近年の日本では、出生者と死亡者の均衡がとれ、小差はあるものの、いずれも毎年 約 120 万人前後だった。

♣ 総人口 1.2 億人のうち「毎年約 1 % の 120 万人が入れ替わり、100 年で一回りする」と理解すれば分かり易い。これは「逝った数だけ補充される 「健康な現象」 でああった 。「多死時代」 とか 「少死時代」 という表現はマスコミが煽っているだけで、何の騒動でもなかった。

♣ そして 老人の逝き場所 は、60 年前までは先祖代々の習慣通り、在宅以外はほとんど考えられなかった(病院・自宅の比率が「1 割: 9 割」 、図 1 )。ところが、バブルの真っ盛りの 1970 年代、在宅死は著しく減って日本人の多くは病院で死を迎えるように生活スタイルが一変し、逝き場所は 在宅:病院の比率が「 5 割: 5 割」に転じた。

どこで逝きたいの?

♣ さらに、その 20 年後の介護保険が始まった 2000 年には 想像を絶する比率、つまり在宅死が著しく減って、病院:在宅の比率が「9割: 1 割」へ、つまり 60 年前の比率の裏返しになり、日本の老人は ‘主に’ 病院で逝く社会になってしまった。ほんの半世紀の間で、天 と地が入れ替わるほどの変化 ! ここに 日本社会の病理 がある訳であって、このことは後半で検討しよう。

♣ なぜ老人は自宅で逝かななくなったのか? 厚労省はこの傾向を不満とし、在宅死は新しく 4 割を目標に増やさなければ、病院が満員となって、「年寄りの逝き場所が確保できなくなる」と考え、看取りの場所を自宅へ戻すよう誘導した。その根拠として、(イ) 成人を対象にしたアンケートで 6 割の人々が自宅で逝きたい、(ロ) 厚労省のガン終末期アンケートで、自宅で逝きたい人も 6 割であった。よって、自宅死の割合を 4 割程度に設定しよう、というものである。

♣ しかし、肝心の 「老人」 はどこで逝きたいと思うのだろうか? ――そんなデータはない。ただ言える事は、自宅死を勧められても、現実には不可能であろう。その 理由を四つ ほど述べれば:―― 一人暮らしは 40 年まえから 7 倍も増えたし、今後も女性を中心にどんどん増える (図 2 ) 。女性は男性より長生きだから、それは避けられないけれど、どうしたら一人暮らしの女性は自宅で逝けるのだろう?

どこで死にたいの?

男女共、本当の希望は自宅で看取られたいが、少ない人手間を考えて 家族に気兼ねする。

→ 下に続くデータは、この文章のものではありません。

section \<open>Asymptotics\<close>

lemma aas_if_prob_ge:
  assumes "\<forall>\<^sub>F n in sequentially. 1 - B n \<le> measure_pmf.prob (Gnp n (p n)) {G. Q n G}"
    and "B \<longlonglongrightarrow> 0"
  shows "aas p Q"
proof -
  have lower: "(\<lambda>n. 1 - B n) \<longlonglongrightarrow> 1" using tendsto_diff[OF tendsto_const assms(2), of 1] by simp
  have upper: "\<forall>\<^sub>F n in sequentially. measure_pmf.prob (Gnp n (p n)) {G. Q n G} \<le> 1"
    by (simp add: measure_pmf.prob_le_1)
  show ?thesis unfolding aas_def by (rule tendsto_sandwich[OF assms(1) upper lower tendsto_const])
qed

lemma eventually_ln_bounds:
  "\<forall>\<^sub>F n in sequentially. 4/3 \<le> ln (real n) \<and> 0 \<le> ln (ln (real n)) \<and> ln (ln (real n)) \<le> ln (real n) \<and>
     2 * ln (real n) / real n \<le> 1/2 \<and> 8 * ln (real n) ^ 2 / real n \<le> 1 \<and>
     2 \<le> exp (ln (real n) / 4) / exp 1"
  by (intro eventually_conj) real_asymp+

lemma filterlim_min_at_top:
  "filterlim f at_top F \<Longrightarrow> filterlim g at_top F \<Longrightarrow> filterlim (\<lambda>x. min (f x) (g x) :: real) at_top F"
  unfolding filterlim_at_top by (auto intro: eventually_conj)

lemma filterlim_at_top_divide_const:
  assumes "filterlim f at_top F" "0 < (c :: real)"
  shows "filterlim (\<lambda>x. f x / c) at_top F"
  using filterlim_tendsto_pos_mult_at_top[OF tendsto_const[of "1 / c"] _ assms(1)] assms(2)
  by simp

lemma filterlim_min_ln_ln:
  "filterlim \<omega> at_top sequentially \<Longrightarrow> filterlim (\<lambda>n. min (\<omega> n) (ln (ln (real n)))) at_top sequentially"
  by (rule filterlim_min_at_top) (assumption, real_asymp)

lemma exp_neg_tendsto_0: "filterlim (w :: 'a \<Rightarrow> real) at_top F \<Longrightarrow> ((\<lambda>x. exp (- w x)) \<longlongrightarrow> 0) F"
  by (simp add: filterlim_compose[OF exp_at_bot] filterlim_uminus_at_bot tendsto_imp_filterlim_at_right)

text \<open>Truncating \<open>\<omega>\<close> at \<open>ln (ln n)\<close> only weakens the hypothesis, and keeps the threshold
  \<open>ln n + ln (ln n) - w n\<close> between \<open>ln n\<close> and \<open>2 ln n\<close>.\<close>

lemma eventually_below_threshold:
  fixes p \<omega> :: "nat \<Rightarrow> real"
  assumes range: "\<And>n. 0 \<le> p n \<and> p n \<le> 1"
    and om: "filterlim \<omega> at_top sequentially"
    and below: "\<forall>\<^sub>F n in sequentially. p n < (ln n + ln (ln n) - \<omega> n) / n"
  defines "w \<equiv> \<lambda>n. min (\<omega> n) (ln (ln (real n)))"
  shows "\<forall>\<^sub>F n in sequentially. 3 \<le> n \<and> 4/3 \<le> ln (real n) \<and> 0 \<le> w n \<and>
    real n * p n < ln (real n) + ln (ln (real n)) - w n \<and>
    ln (real n) \<le> ln (real n) + ln (ln (real n)) - w n \<and> ln (real n) + ln (ln (real n)) - w n \<le> 2 * ln (real n) \<and>
    p n \<le> 2 * ln (real n) / real n \<and> p n \<le> 1/2 \<and> 2 * p n ^ 2 * real n \<le> 1 \<and>
    2 \<le> exp (ln (real n) / 4) / exp 1"
  using eventually_ge_at_top[of 3] eventually_ln_bounds filterlim_at_top[THEN iffD1, OF om, rule_format, of 0] below
proof eventually_elim
  case (elim n)
  have "real n > 0" using elim by simp
  have ln: "4/3 \<le> ln (real n)" "0 \<le> ln (ln (real n))" "ln (ln (real n)) \<le> ln (real n)"
    "2 * ln (real n) / real n \<le> 1/2" "8 * ln (real n) ^ 2 / real n \<le> 1" "2 \<le> exp (ln (real n) / 4) / exp 1"
    using elim(2) by blast+
  have w: "0 \<le> w n" "w n \<le> \<omega> n" "w n \<le> ln (ln (real n))" using elim by (auto simp: w_def)
  have "real n * p n < ln n + ln (ln n) - \<omega> n" using elim \<open>real n > 0\<close> by (simp add: divide_simps mult.commute)
  then have x: "real n * p n < ln (real n) + ln (ln (real n)) - w n" using w by linarith
  have "real n * p n \<le> 2 * ln (real n)" using x w ln by linarith
  then have "p n \<le> 2 * ln (real n) / real n"
    using \<open>real n > 0\<close> by (simp add: divide_simps mult.commute)
  moreover have "2 * p n ^ 2 * real n \<le> 1"
  proof -
    have "p n ^ 2 \<le> (2 * ln (real n) / real n) ^ 2" using \<open>p n \<le> _\<close> range[of n] by (intro power_mono) auto
    then have "2 * p n ^ 2 * real n \<le> 2 * (2 * ln (real n) / real n) ^ 2 * real n"
      using \<open>real n > 0\<close> by (intro mult_right_mono) auto
    also have "\<dots> = 8 * ln (real n) ^ 2 / real n" using \<open>real n > 0\<close> by (simp add: power2_eq_square field_simps)
    finally show ?thesis using ln by linarith
  qed
  ultimately show ?case using elim(1) w x ln by (intro conjI) linarith+
qed

lemma nonadj_failure_bound_tendsto_0:
  "filterlim w at_top sequentially \<Longrightarrow> (\<lambda>n. nonadj_failure_bound n (w n)) \<longlonglongrightarrow> 0"
proof -
  assume w: "filterlim w at_top sequentially"
  define T where "T n = 4 * exp 1 * exp (- ln (real n) / 4) + 24 * ln (real n) / real n
     + 64 / (3 * real (n - 1) * ln (real n)) + 64 * ln (real n) / real n
     + 2 * exp 2 * exp (- ln (real n) / 8)" for n :: nat
  have "T \<longlonglongrightarrow> 0" unfolding T_def by real_asymp
  from tendsto_add_zero[OF this tendsto_mult_right_zero[OF exp_neg_tendsto_0[OF w]]]
  have "(\<lambda>n. T n + 8 * exp 1 * exp (- w n)) \<longlonglongrightarrow> 0" .
  moreover have "nonadj_failure_bound n (w n) = T n + 8 * exp 1 * exp (- w n)" for n
    by (simp add: nonadj_failure_bound_def T_def algebra_simps)
  ultimately show ?thesis by simp
qed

また、近年の病院死では、自宅ではできないような 「延命の儀式・処置」 が輻輳し、何となく 気が休まる。これは 「薬石 (やくせき) 効なく死に至った」 という安堵感に繋がる。

しかし最大の理由は、なにせ保険が効くので病院は 「自宅の見送りに比べれば 著しく安あがり」 、その上 「世間体」 も悪くないから人気が高い、のである。特に近年、死が近づくと 「検査や治療処置」 は控えられ、医療費は主に「観察代」だけの少額になるのも有難い。

♣ 他方、病院は「病気を治す場所であって、逝く場所ではない ! 」 と説明されているし、病院での老衰死は “自粛” されるべきだ、という主張もあり、これは もっともなことである。だが、ここにこそ 隠された問題があるのではないか?

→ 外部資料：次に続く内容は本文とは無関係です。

lemma all_x_at_calm_time:
  assumes calm: "calm_time n w ty P s m t" and inv: "o_in_place t"
    and pos: "\<forall>k\<in>{0..<int m}. bias n w ty P t (N k) > 0"
  shows "\<forall>k\<in>{0..<int m}. lab n w ty P t (N k)"
proof (intro ballI, rule ccontr)
  fix k assume k: "k \<in> {0..<int m}" and o: "\<not> lab n w ty P t (N k)"
  then have place: "oc t (N k) = N k" "\<not> satisfied_before t (N k)"
    using inv unfolding o_in_place_def by auto
  have "bias n w ty P t (N k) > 0" using pos k by blast
  then have "unhappy n w ty P t (oc t (N k))"
    using unhappy_occ_iff[OF nd_less[OF n_pos]] o by auto
  moreover have "enat t \<le> sat_time n w ty P (N k)"
    using place(2) sat_time_less_iff not_le by blast
  ultimately have "impatient n w ty P t (oc t (N k))"
    unfolding impatient_def place(1) by simp
  then show False using calm k unfolding calm_time_def by blast
qed

end

theorem proposition3:
  fixes n w s m :: nat and ty :: "nat \<Rightarrow> bool" and P :: "nat \<Rightarrow> nat \<times> nat"
  assumes "s < n"
    and "m + 2 * w \<le> n"
    and "\<forall>t. fst (P t) < n \<and> snd (P t) < n \<and> fst (P t) \<noteq> snd (P t)"
    and "x_firewall_incubator n w ty P s m"
    and "\<exists>sg. pseudo_transcript n w ty P s m (left_combatants n w ty s m) sg \<and> partial_sums_nonneg sg"
    and "\<exists>sg. pseudo_transcript n w ty P s m (right_combatants n w ty s m) sg \<and> partial_sums_nonneg sg"
  shows "\<exists>t. \<forall>k\<in>{0..<int m}. lab n w ty P t (nd n s k)"
proof -
  interpret firewall_incubator n w ty P s m
    using assms(1-4) by unfold_locales auto
  obtain t1 where calm1: "calm_time n w ty P s m t1"
    and left: "\<And>t. t \<le> t1 \<Longrightarrow> transcript_bound (left_combatants n w ty s m) t"
    using assms(5) pseudo_transcript_bound by metis
  obtain t2 where calm2: "calm_time n w ty P s m t2"
    and right: "\<And>t. t \<le> t2 \<Longrightarrow> transcript_bound (right_combatants n w ty s m) t"
    using assms(6) pseudo_transcript_bound by metis
  define t0 where "t0 = min t1 t2"
  have calm: "calm_time n w ty P s m t0" using calm1 calm2 unfolding t0_def min_def by simp
  have inv: "o_in_place t0" using o_in_place_upto[of t0] left right unfolding t0_def by simp
  have "\<forall>k\<in>{0..<int m}. bias n w ty P t0 (N k) > 0"
    using bias_pos_of_o_in_place[OF inv] left right unfolding t0_def by simp
  then show ?thesis using all_x_at_calm_time[OF calm inv] by blast
qed

end
(* (a) Let $\Gamma$ be a perfect matching drawing containing vertices $x,p,q,y$ with matching edges $xp$ and $qy$, where $p$ and $q$ are joined by exactly two non-matching edges which together bound a disk whose interior meets no other part of $\Gamma$, all of this lying in a disk $D$ that meets $\Gamma$ only in these vertices and edges and initial segments of the two other edges at $x$ and of the two other edges at $y$. Let $\Gamma'$ be obtained by replacing, inside $D$, the vertices $p,q$, the two edges between them and the matching edges $xp,qy$ by a single matching edge $xy$. Then $$\langle\Gamma\rangle_2(1)=2\,\langle\Gamma'\rangle_2(1).$$ (b) If $G$ is a planar trivalent graph with perfect matching $M$ containing such a configuration in a plane embedding, and $(G',M')$ is obtained by the same replacement, then $|G:M|_2=2\,|G':M'|_2$.
   Context: Graphs are finite and may have multiple edges; trivalent means every vertex has degree $3$. $|G:M|_2$ denotes the number of $2$-factors (spanning subgraphs in which every vertex has degree $2$) of $G$ that contain every edge of $M$. A perfect matching drawing $\Gamma$ is a collection of trivalent vertices, edges and vertex-free closed curves drawn in the $2$-sphere by a generic immersion (transverse double points away from vertices, carrying no extra data), together with a set $M$ of edges forming a perfect matching of the vertices. For a matching edge $e=uv$ with other edge-ends $\alpha,\beta$ at $u$ and $\gamma,\delta$ at $v$ in cyclic order $\alpha,\beta,\delta,\gamma$ around a small disk about $e$, the $0$-resolution deletes $e,u,v$ and joins $\alpha$–$\gamma$ and $\beta$–$\delta$ by disjoint arcs, and the $1$-resolution joins $\alpha$–$\delta$ and $\beta$–$\gamma$ by two arcs crossing once. For a state $s:M\to\{0,1\}$, resolving every matching edge gives $c(s)$ immersed closed curves, and the $2$-factor bracket is $\langle\Gamma\rangle_2(z)=\sum_s(-z)^{|s|}(z+z^{-1})^{c(s)}\in\mathbb{Z}[z,z^{-1}]$, $|s|$ being the number of edges assigned $1$. *)

theory Defs
  imports Complex_Main
begin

♣ つまり、人は歳をとるにつれ 「どこで逝きたいか?」 の質問に関心を示さなくなる。なぜなら、老人性認知症によって「見当識障害」 1 ) が現れ、将来のことが理解できず、「現在の刹那 (せつな) 」 のみが大事になるからだ 2 )

♣ その上、死亡時の年齢がすっかり変わった … 昔は人生 50 年、還暦前後で世を去ったが、今ではそれが 90 歳に近い。その分、見送る側の年齢も中年から老年になり、体力・世間力 も低下し、自宅では送れなくなった。超高齢の現代、逝き場所は、逝く人が決めるものではなく、見送る人の年齢と気力で自然に決まってしまうようだ。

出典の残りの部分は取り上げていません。